7/10
Marriage as a roundabout where you keep circling around until you find the right direction...
24 January 2022
"Two for the Road", "Bob & Carole & Ted & Alice", "Barefoot in the Park", Many films that subverted the fairy-tale stock phrase "They got married and lived happily ever after" spread during the New Hollywood period, perhaps boosted by the success of "Who's Afraid of Virginia Woolf". Speaking of 1966, Roger Ebert compared Stanley Donen's "Two for the Road" to Golden Palm winner "A Man and a Woman" insisting that the former was a more mature version of the latter, one that conceded that love ain't always the alpha and omega of an everlasting marital bond.

I'm surprised though that Ebert didn't think of mentioning the co-winner of the Golden Palm, the Italian comedy "Signore & Signori" also known as "The Birds, the Bees and the Italians". In a more upbeat comedic tone, the film explored the many hypocrisies and hidden ordeals of marriage, let's call it a less serious but no less mature version of Donen's film. Now, I guess there are many factors on which depend the way you experience "Two for the Road" and being or having been married is certainly not the least of them.

Well, let me lay the cards at once: I have been married, I divorced, I'm in a couple again, have a child with each woman, and right now, I can't tell if I'll be with the same woman in 10 years. Nothing to do with love but one can't reach 40 without understanding that nothing can be anticipated and love isn't the only variable in the equation. But on more trivial level I went through the usual arguments on the road, the embarrassing displays of dirty-linen washing even in hush-hush mode, the way one word too many can push the anger button ... and one benign last-minute conversation leads you to that big quarrel where you end up on a sofa questioning yourself: why am I inflicting this to myself?

The Oscar-nominated script was written by Frederic Raphael, from his recollection of various trips across the South of France and Italy. It has the merit to insist that marriage isn't a fairy tale, and it raises important points about why people spend lives together. Once again, love isn't enough. Sometimes marriage makes you feel like being 'hooked' and be entangled in responsibilities that make love a weapon as much as a target. And so "Two for the Road" follows the marital life of two straight shooters: Mark and Joanna Wallace in a span of twelve years that -and this should be specified- is exposed in a non-linear way without any transition apart from a few clever cuts.

That was a deliberate choice from director Stanley Donen, who, didn't want to make it a series of intertwined vignettes but a true examination of marriage at different steps. That they aren't shot like flashbacks implies that they should be considered at the present time, not as a set-up or a foreshadowing. According to Donen, the experience is better if the picture is made of temporal juxtaposition, linearity would've made it dull and banal. In fact we have to look at the present as a result of the past, which is exactly the reality of marriage; we marry for a future but linger on the past. Still, it's not always easy to follow and the back-and-forth trips provoke sometimes a certain dizziness.

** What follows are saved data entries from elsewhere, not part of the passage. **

subsection \<open>Tight sets and the strong exchange property\<close>

lemma sum_transfer:
  assumes "finite U" "e \<noteq> g" "1 \<le> x e"
  shows "sum (transfer x e g) U + of_bool (e \<in> U) = sum x U + of_bool (g \<in> U)"
proof -
  have "sum (x(e := x e - 1)) U + (if e \<in> U then x e else 0)
      = sum x U + (if e \<in> U then x e - 1 else 0)"
    using sum_comp_fun_upd[OF assms(1), of "\<lambda>h z. z" x e "x e - 1"] by simp
  moreover have "sum (transfer x e g) U + (if g \<in> U then (x(e := x e - 1)) g else 0)
      = sum (x(e := x e - 1)) U + (if g \<in> U then x g + 1 else 0)"
    using sum_comp_fun_upd[OF assms(1), of "\<lambda>h z. z" "x(e := x e - 1)" g "x g + 1"]
    by (simp add: transfer_def)
  ultimately show ?thesis
    using assms(2,3) by (auto split: if_splits)
qed

lemma transfer_in_natvecs:
  "x \<in> natvecs E \<Longrightarrow> e \<in> E \<Longrightarrow> g \<in> E \<Longrightarrow> transfer x e g \<in> natvecs E"
  by (auto simp: natvecs_def transfer_def)

lemma transfer_notin_base_set_obtains_tight:
  assumes fin: "finite E" and x: "x \<in> base_set E f d"
    and "e \<in> E" "g \<in> E" "e \<noteq> g" "1 \<le> x e"
    and out: "transfer x e g \<notin> base_set E f d"
  obtains U where "tight E f x U" "g \<in> U" "e \<notin> U"
proof -
  have sum_U: "sum (transfer x e g) U + of_bool (e \<in> U) = sum x U + of_bool (g \<in> U)"
    if "U \<subseteq> E" for U
    using sum_transfer[OF finite_subset[OF that fin]] assms(5,6) .
  have "transfer x e g \<in> natvecs E"
    using x assms(3,4) by (simp add: base_set_def transfer_in_natvecs)
  moreover have "sum (transfer x e g) E = d"
    using sum_U[of E] x assms(3,4) by (simp add: base_set_def)
  ultimately obtain U where U: "U \<subseteq> E" "\<not> sum (transfer x e g) U \<le> f U"
    using out unfolding base_set_def by blast
  moreover have "sum x U \<le> f U"
    using x U(1) by (simp add: base_set_def)
  ultimately have "sum x U = f U" "g \<in> U" "e \<notin> U"
    using sum_U[OF U(1)] by (auto simp: of_bool_def split: if_splits)
  then show thesis
    using that U(1) by (simp add: tight_def)
qed

lemma tight_Un_Int:
  assumes fin: "finite E" and pm: "polymatroid_rank E f" and x: "x \<in> base_set E f d"
    and U: "tight E f x U" and V: "tight E f x V"
  shows "tight E f x (U \<union> V)" "tight E f x (U \<inter> V)"
proof -
  have le: "sum x W \<le> f W" if "W \<subseteq> E" for W
    using x that by (simp add: base_set_def)
  have "U \<subseteq> E" "V \<subseteq> E" "sum x U = f U" "sum x V = f V"
    using U V by (auto simp: tight_def)
  moreover have "finite U" "finite V"
    using \<open>U \<subseteq> E\<close> \<open>V \<subseteq> E\<close> fin finite_subset by auto
  then have "sum x (U \<union> V) + sum x (U \<inter> V) = sum x U + sum x V"
    by (rule sum.union_inter)
  moreover have "f (U \<union> V) + f (U \<inter> V) \<le> f U + f V"
    using pm \<open>U \<subseteq> E\<close> \<open>V \<subseteq> E\<close> unfolding polymatroid_rank_def by blast
  moreover have "sum x (U \<union> V) \<le> f (U \<union> V)" "sum x (U \<inter> V) \<le> f (U \<inter> V)"
    using le[of "U \<union> V"] le[of "U \<inter> V"] \<open>U \<subseteq> E\<close> \<open>V \<subseteq> E\<close> by auto
  ultimately show "tight E f x (U \<union> V)" "tight E f x (U \<inter> V)"
    unfolding tight_def by auto
qed

lemma tight_Union:
  assumes "finite E" "polymatroid_rank E f" "x \<in> base_set E f d"
    and "finite F" "\<forall>U\<in>F. tight E f x U"
  shows "tight E f x (\<Union>F)"
  using assms(4,5)
proof (induction F rule: finite_induct)
  case empty
  then show ?case
    using assms(2) by (simp add: tight_def polymatroid_rank_def)
next
  case (insert U F)
  then show ?case
    using tight_Un_Int(1)[OF assms(1-3)] by simp
qed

The film opens with Albert Finney and Audrey Hepburn's long faces, they see an unhappy newly wed couple and she notices that they don't smile "why should they, they're getting married" dryly retorts Mark. That opening line can be misleading by insinuating this is an exercise in cynicism, in fact it's only to show that these two know each other so well they just can't kid themselves. They have come to that phase where they can stop pretending and denude their hearts from the whole romantic BS. But one can't help but feel sorry for Audrey Hepburn who was used to more benevolent partners. While Finney plays the hardened one who never changes (not even physically), Hepburn as usual knows how to internalize in delicate classiness, Donen who had worked with her in "Funny Face" and "Charade" knew her so well he couldn't have throwing dishes or going into loud tantrums. Her eyes speak a thousand words. Not that she's immune to criticism as her husband points out, "Just because you use a silencer doesn't mean you're not a sniper.", a line that could sum up my perception of the two women of my life.

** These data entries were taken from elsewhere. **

lemma contact_set_order_convex:
  fixes f g :: "real \<Rightarrow> real"
  assumes f: "convex_on I f" and g: "concave_on I g" and below: "\<And>z. z \<in> I \<Longrightarrow> g z \<le> f z"
    and ab: "a \<in> I" "b \<in> I" "f a = g a" "f b = g b" and x: "a \<le> x" "x \<le> b"
  shows "x \<in> I \<and> f x = g x"
proof -
  have "x \<in> closed_segment a b" using x by (simp add: closed_segment_eq_real_ivl)
  then obtain t where t: "0 \<le> t" "t \<le> 1" and x_eq: "x = (1 - t) * a + t * b"
    by (auto simp: in_segment)
  have xI: "x \<in> I"
    using convexD_alt[OF convex_on_imp_convex[OF f] ab(1,2) t] x_eq by simp
  have "f x \<le> (1 - t) * f a + t * f b"
    using convex_onD[OF f t ab(1,2)] x_eq by simp
  also have "\<dots> = (1 - t) * g a + t * g b" using ab(3,4) by simp
  also have "\<dots> \<le> g x"
    using concave_onD[OF g t ab(1,2)] x_eq by simp
  finally show ?thesis using below[OF xI] xI by simp
qed

definition convex_in_p1 :: "(real \<Rightarrow> real \<Rightarrow> real) \<Rightarrow> bool" where
  "convex_in_p1 W \<longleftrightarrow> (\<forall>p2\<in>{0..1}. convex_on {0..1} (\<lambda>p1. W p1 p2))"

definition convex_in_p2 :: "(real \<Rightarrow> real \<Rightarrow> real) \<Rightarrow> bool" where
  "convex_in_p2 W \<longleftrightarrow> (\<forall>p1\<in>{0..1}. convex_on {0..1} (\<lambda>p2. W p1 p2))"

And in this patchy narrative we see tensions rising and deflating from one episode to another, leaving us with the impression that these people argue because they know each other so well. That's what you call complicity. When they travel together Mark's ex-girlfriend Cathy Manchester (Eleanor Bron), her husband (William Daniels) and their insufferable daughter Ruth 'Ruthie' (Gabrielle Middleton, the stares they exchange say everything.

Still, for all its noble intentions, the jigsaw puzzle structure can be really difficult to follow: except if you have a keen eye on Audrey Hepburn's wardrobe and haircut evolution. It's obvious she gives the best performance and we can see her mutual naivety slowly fading down and at the end she's as stern and cynical as her husband. I'm not even sure the couple make it for the next ten years.

That said, the film is enjoyable on a very superficial level, the costume, the design of cars, the love letter to French province and Donen's choice not to exaggerate them in order to make the decades more identifiable, so it was obvious Donen didn't want to make a gimmick-film but a true examination of a couple whose fluctuating levels of love and commitments evolve with time. I can understand why it's a personal favorite, but I feel like it's a sentimental choice, but marriage is all about sentiments.

The best thing about the film is still Hanri Mancini's magnificent score.